The Powerbeats Pro are much larger than the AirPods, and while the case that charges them up is similar in functionality to the AirPods case, it's much larger and it's not pocketable, plus it doesn't have wireless charging support and can only charge with a Lightning cable. The Powerbeats Pro only come in black right now, but this summer, Apple is going to release moss, ivory, and navy shades. The AirPods are limited to white.
There are major physical differences between the Powerbeats Pro and the AirPods, but the underlying feature set is the same and the two share similar hardware. Both include Bluetooth 5.0 and an H1 chip for quick pairing, fast device switching, and hands-free "Hey Siri" support. An accelerometer and other sensors also allow AirPods and Powerbeats Pro to pause audio when removed from the ear and resume when the earbud is placed back in the ear.

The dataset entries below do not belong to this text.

lemma shift_in_hom: "f \<in> hom C X Y \<Longrightarrow> tshM C f \<in> hom C (tshO C X) (tshO C Y)"
  using shift_bij hom_objs bij_betwE by blast

lemma shift_inj: "f \<in> hom C X Y \<Longrightarrow> g \<in> hom C X Y \<Longrightarrow> tshM C f = tshM C g \<Longrightarrow> f = g"
  using shift_bij hom_objs by (metis bij_betw_imp_inj_on inj_onD)

lemma shift_surj: "X \<in> tobj C \<Longrightarrow> Y \<in> tobj C \<Longrightarrow> c \<in> hom C (tshO C X) (tshO C Y) \<Longrightarrow>
    \<exists>f\<in>hom C X Y. tshM C f = c"
  using shift_bij by (metis bij_betw_imp_surj_on imageE)

lemma shift_id: "X \<in> tobj C \<Longrightarrow> tshM C (tid C X) = tid C (tshO C X)"
  using shift unfolding shift_ok_def by blast

lemma shift_comp: "f \<in> hom C X Y \<Longrightarrow> g \<in> hom C Y Z \<Longrightarrow>
    tshM C (tcomp C g f) = tcomp C (tshM C g) (tshM C f)"
  using shift hom_objs unfolding shift_ok_def by meson

lemma triangle_shape: "(f, g, h) \<in> ttri C \<Longrightarrow> tri_shape C (f, g, h)"
  using triangulated unfolding triangulated_def by meson

lemma triangle_homs:
  assumes "(f, g, h) \<in> ttri C"
  shows "f \<in> hom C (tdom C f) (tcod C f)" "g \<in> hom C (tcod C f) (tcod C g)"
    "h \<in> hom C (tcod C g) (tshO C (tdom C f))"
  using triangle_shape[OF assms] by (auto simp: tri_shape_def hom_def)

lemma triangle_exists: "f \<in> tmor C \<Longrightarrow> \<exists>g h. (f, g, h) \<in> ttri C"
  using triangulated unfolding triangulated_def by meson

lemma triangle_identity:
  "X \<in> tobj C \<Longrightarrow> is_zero_obj C Z \<Longrightarrow> (tid C X, tzero C X Z, tzero C Z (tshO C X)) \<in> ttri C"
  using triangulated unfolding triangulated_def by meson
lemma w0_derivative_majorant_le:
  fixes x :: real
  assumes x: "x \<ge> 11/2"
  defines "p \<equiv> x powr (-5/8)"
  shows "5 / (8 * x) * (4 * p * amp_majorant x / aconst) + dphase x * (2 * p * amp_majorant x) / aconst
           \<le> 8.85 * x powr (-39/4)"
proof -
  define Q where "Q = majorant_factor x"
  define w where "w = x powr (-5/4)"
  define T where "T = x powr (-39/4)"
  have x0: "x > 0" and T: "0 \<le> T"
    using x by (simp_all add: T_def)
  have decay_term: "5 / (8 * x) * (4 * p * amp_majorant x / aconst) = 5/8 * (4412401 / 589824) * T * w * Q"
    unfolding p_def w0_majorant_eq T_def w_def Q_def using x0
    by (simp add: field_simps powr_mult_base flip: powr_add)
  have phase_term: "dphase x * (2 * p * amp_majorant x) / aconst = 2 * cN / aconst * T * Q"
    unfolding dphase_def mult.assoc p_def weighted_amp_majorant_eq T_def Q_def using aconst_pos x0
    by (simp add: field_simps powr_mult_base flip: powr_add)
  have "5 / (8 * x) * (4 * p * amp_majorant x / aconst) + dphase x * (2 * p * amp_majorant x) / aconst
      = 5/8 * (4412401 / 589824) * T * w * Q + 2 * cN / aconst * T * Q"
    by (simp only: decay_term phase_term)
  also have "\<dots> = Q * (5/8 * (4412401 / 589824) * w + 2 * cN / aconst) * T"
    by (simp add: algebra_simps)
  also have "\<dots> \<le> 1.00068 * (5/8 * (4412401 / 589824) * (1/8.42) + 8.2815) * T"
  proof (rule mult_right_mono[OF _ T])
    have "0 \<le> w" "w \<le> 1/8.42"
      using powr_minus_five_quarters_le[OF x] by (auto simp: w_def)
    then show "Q * (5/8 * (4412401 / 589824) * w + 2 * cN / aconst)
        \<le> 1.00068 * (5/8 * (4412401 / 589824) * (1/8.42) + 8.2815)"
      using majorant_factor_bounds[OF x] two_cN_div_aconst_le N0_constants_pos aconst_pos
      by (intro mult_mono add_mono) (auto simp: Q_def)
  qed
  also have "\<dots> \<le> 8.85 * T"
    using T by (intro mult_right_mono) simp_all
  finally show ?thesis
    unfolding T_def .
qed

theorem lemma3p1:
  fixes x :: real
  assumes "x \<ge> 11/2"
  shows "cmod (w0 x) \<le> 15/2 * x powr (-10)
    \<and> w0 differentiable (at x)
    \<and> cmod (vector_derivative w0 (at x)) \<le> 8.85 * x powr (-39/4)"
proof -
  have x: "x > 0"
    using assms by simp
  show ?thesis
  proof (intro conjI)
    show "cmod (w0 x) \<le> 15/2 * x powr (-10)"
      using norm_w0_le[OF x] w0_majorant_le[OF assms] by linarith
    show "w0 differentiable (at x)"
      using w0_has_vector_derivative[OF x] by (rule differentiableI_vector)
    show "cmod (vector_derivative w0 (at x)) \<le> 8.85 * x powr (-39/4)"
      using norm_vector_derivative_w0_le[OF x] w0_derivative_majorant_le[OF assms] by linarith
  qed
qed

end
(* Let $\Gamma$ be a connected simplicial graph which is tree-graded with respect to $\{\Gamma_i\}_{i\in I}$, with shortest path metric $d$ and basepoint $e\in V(\Gamma)$. For each $i$ let $e_i$ be the unique vertex of $\Gamma_i$ closest to $e$. Let $T_\Gamma$ be the $e$-distance tree and, for vertices $x,y$, let $\sigma_T(x,y)$ be the distance in $T_\Gamma$ between the images of $x$ and $y$, and $\sigma_I(x,y)=\sum_{i\in I}d(x'_i,y'_i)$, where $x'_i=x_{j}$ if $i=i_j\in I_x$ and $x'_i=e_i$ otherwise (similarly for $y$). Let $d'=\sigma_T+\sigma_I$. Then for all vertices $x,y$, \[ \tfrac12 d(x,y)\leq d'(x,y)\leq 2d(x,y). \]
   Context: Tree-graded: (1) every vertex and every simple loop of $\Gamma$ lies in some $\Gamma_i$ (non-empty connected subgraphs); (2) for $i\neq j$, $\Gamma_i\not\subseteq\Gamma_j$ and $|V(\Gamma_i)\cap V(\Gamma_j)|\leq 1$. For each vertex $x$ there are finite sets $I_x=\{i_0,\dots,i_k\}$ and $\{x_0,\dots,x_k=x\}$ such that every geodesic from $e$ to $x$ decomposes as $g_0\overline{g_0}g_1\cdots\overline{g_{k-1}}g_k$ with $g_j\subseteq\Gamma_{i_j}$ running from $e_{i_j}$ to $x_j$ and each $\overline{g_j}$ of length at most $1$; these are the sets $I_x$ and points $x_j$ used above. The $e$-distance tree $T_\Gamma$ is the simplicial tree obtained from $\Gamma$ by identifying vertices $x\sim y$ whenever $x,y\in\Gamma_i$ for some $i$ and $d(e_i,x)=d(e_i,y)$, equipped with its path metric. *)

theory Defs
  imports Complex_Main
begin

(* Graphs: vertex set V and symmetric irreflexive edge relation E (simplicial graph).
   Paths/walks are nonempty vertex lists; a walk with n+1 vertices has length n. *)

definition walk :: "('v \<Rightarrow> 'v \<Rightarrow> bool) \<Rightarrow> 'v list \<Rightarrow> bool" where
  "walk A p \<longleftrightarrow> p \<noteq> [] \<and> (\<forall>k. Suc k < length p \<longrightarrow> A (p!k) (p!Suc k))"

definition gdist :: "('v \<Rightarrow> 'v \<Rightarrow> bool) \<Rightarrow> 'v \<Rightarrow> 'v \<Rightarrow> nat" where
  "gdist A x y = (LEAST n. \<exists>p. walk A p \<and> hd p = x \<and> last p = y \<and> length p = Suc n)"

definition simplicial_graph :: "'v set \<Rightarrow> ('v \<Rightarrow> 'v \<Rightarrow> bool) \<Rightarrow> bool" where
  "simplicial_graph V E \<longleftrightarrow>
     (\<forall>u v. E u v \<longrightarrow> u \<in> V \<and> v \<in> V) \<and> (\<forall>u v. E u v \<longrightarrow> E v u) \<and> (\<forall>u. \<not> E u u)"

Music controls are included, and while tap gestures are used on the AirPods for changing tracks and playing/pausing, there are physical controls on the Powerbeats Pro, including a volume button, something the AirPods don't have. As for sound quality, the Powerbeats Pro sound better than the AirPods, which shouldn't come as a surprise given the larger body and the higher price tag.
In our experience, the Powerbeats Pro feature a more immersive and full sound profile because of the tight fit in the ears. Apple says that sound quality was a focus when designing the Powerbeats Pro, and it shows. The AirPods still sound great, though, and are more than adequate for everyday use.
For those who have been wondering, the Powerbeats Pro do indeed support Live Listen, as do the AirPods. Live Listen lets you use the iPhone as a microphone to amplify the ambient noise around you so you can better hear what's going on. As a side note, both AirPods and Powerbeats Pro have beamforming microphones so they sound great when using them for phone calls.
When it comes to battery life, the Powerbeats Pro win out. They're bigger and house a bigger battery than the AirPods, boasting up to nine hours of battery life per earbud and an additional 24+ hours through the case. AirPods max out at about five hours, though the AirPods case also adds 24+ hours of battery life. As for phone calls, Apple says the Powerbeats Pro offer six hours of talk time while the AirPods offer up to three hours of talk time.
Beyond design, pricing is one of the major differences between the Powerbeats Pro and the AirPods. Apple sells the second-generation AirPods with Wireless Charging Case for $199 and with standard case for $159, while the Powerbeats Pro cost $250.
For a deeper comparison of the Powerbeats Pro vs. the AirPods, make sure to check out our Powerbeats Pro and AirPods guide, which walks through the two audio accessories feature by feature. Our dedicated Powerbeats Pro guide also has everything you need to know about Apple's newest earbuds.
Top Rated Comments
We know this ... it's part of the product launch information. What many of us, at least I, want to know is how does Call and Voice quality far compared to the AirPod?
- how does your voice sound to the other party on a carrier voice call (including international call)?
- how does your voice sound to the other party in another state/province?
- how does your voice sound to the other party on FaceTime Audio/Video calls? How do You sound to them?
- how does your voice sound in a Windy environment outside? With storms, rain been happening surely there's been an opportunity no? Standing by a construction site during a voice call ... how does your voice sound to the other party? How much of the background noice pick-up?
Ultimate test! (recall those HUGE green home fans, you know the ones as a kid in the 70's/80's where you spoke into the fan and you heard Mr Roboto voice coming out lol)? THAT would be a great voice test against beam forming to the other party!
These are predominantly for music yes, but they have not one but 2 beam forming microphones per ear ... so please test that in full.